- TO DO
Starting at the line that contains "by (rule besov_energy_Icc_split[OF", quote each line exactly through the last line of the entries, both included.

- RAW DATA
Segment Open
lemma abs_mean_halves_diff_le_besov_energy:
  fixes v :: "real \<Rightarrow> real" and x y :: real
  defines "m \<equiv> (x + y) / 2"
  assumes p: "1 < p" and xy: "x < y" and vi: "set_integrable lborel {x..y} v"
    and v: "v \<in> borel_measurable borel" and fin: "besov_energy v p {x..m} {m..y} \<noteq> \<infinity>"
  shows "\<bar>mean_on v x m - mean_on v m y\<bar> \<le> 2 * (4 * enn2real (besov_energy v p {x..m} {m..y})) powr (1/p)"
proof (rule le_powr_if_eps_bound[OF p])
  define E where "E = enn2real (besov_energy v p {x..m} {m..y})"
  define l where "l = (y - x) / 2"
  have l: "0 < l" "m - x = l" "y - m = l" "y - x = 2 * l" using xy by (auto simp: l_def m_def field_simps)
  have xm: "x < m" "m < y" using xy by (auto simp: m_def)
  fix e :: real assume e: "0 < e"
  have "ennreal (l * l * \<bar>mean_on v x m - mean_on v m y\<bar>) \<le> abs_diff_integral v {x..m} {m..y}"
    using abs_mean_diff_le_abs_diff_integral[OF xm, of v] set_integrable_subset[OF vi] xm v l by simp
  also have "\<dots> \<le> ennreal ((m - x) * (y - m) * e + e powr (1 - p) * (2 * l)^2 * E)"
    unfolding E_def using xm l by (intro abs_diff_integral_Icc_le[OF p e v _ _ fin]) auto
  also have "(m - x) * (y - m) = l * l" using l by simp
  also have "l * l * e + e powr (1 - p) * (2 * l)^2 * E = (l * l) * (e + e powr (1 - p) * (4 * E))"
    by (simp add: power2_eq_square algebra_simps)
  finally have "(l * l) * \<bar>mean_on v x m - mean_on v m y\<bar> \<le> (l * l) * (e + e powr (1 - p) * (4 * E))"
    using l e by (subst (asm) ennreal_le_iff) (auto simp: E_def)
  then show "\<bar>mean_on v x m - mean_on v m y\<bar> \<le> e + e powr (1 - p) * (4 * E)"
    using l by (simp add: mult_le_cancel_left_pos)
qed simp

section \<open>A dyadic exponential estimate\<close>

lemma enn2real_besov_energy_Icc_split:
  assumes "x \<le> m" "m \<le> y" and v: "v \<in> borel_measurable borel"
    and fin: "besov_energy v p {x..y} {x..y} \<noteq> \<infinity>"
  shows "enn2real (besov_energy v p {x..m} {x..m}) + enn2real (besov_energy v p {m..y} {m..y})
      + enn2real (besov_energy v p {x..m} {m..y}) \<le> enn2real (besov_energy v p {x..y} {x..y})"
proof -
  have split: "besov_energy v p {x..m} {x..m} + besov_energy v p {m..y} {m..y} + besov_energy v p {x..m} {m..y}
      \<le> besov_energy v p {x..y} {x..y}"
    by (rule besov_energy_Icc_split[OF assms(1,2) v])
  have "besov_energy v p {x..m} {x..m} + besov_energy v p {m..y} {m..y} + besov_energy v p {x..m} {m..y} < \<infinity>"
    using fin by (intro order.strict_trans1[OF split]) (simp add: less_top[symmetric])
  with enn2real_mono[OF split] fin show ?thesis
    by (simp add: enn2real_plus less_top)
qed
Segment Closed
- RESPONSE TO THIS TASK
    by (rule besov_energy_Icc_split[OF assms(1,2) v])
  have "besov_energy v p {x..m} {x..m} + besov_energy v p {m..y} {m..y} + besov_energy v p {x..m} {m..y} < \<infinity>"
    using fin by (intro order.strict_trans1[OF split]) (simp add: less_top[symmetric])
  with enn2real_mono[OF split] fin show ?thesis
    by (simp add: enn2real_plus less_top)
qed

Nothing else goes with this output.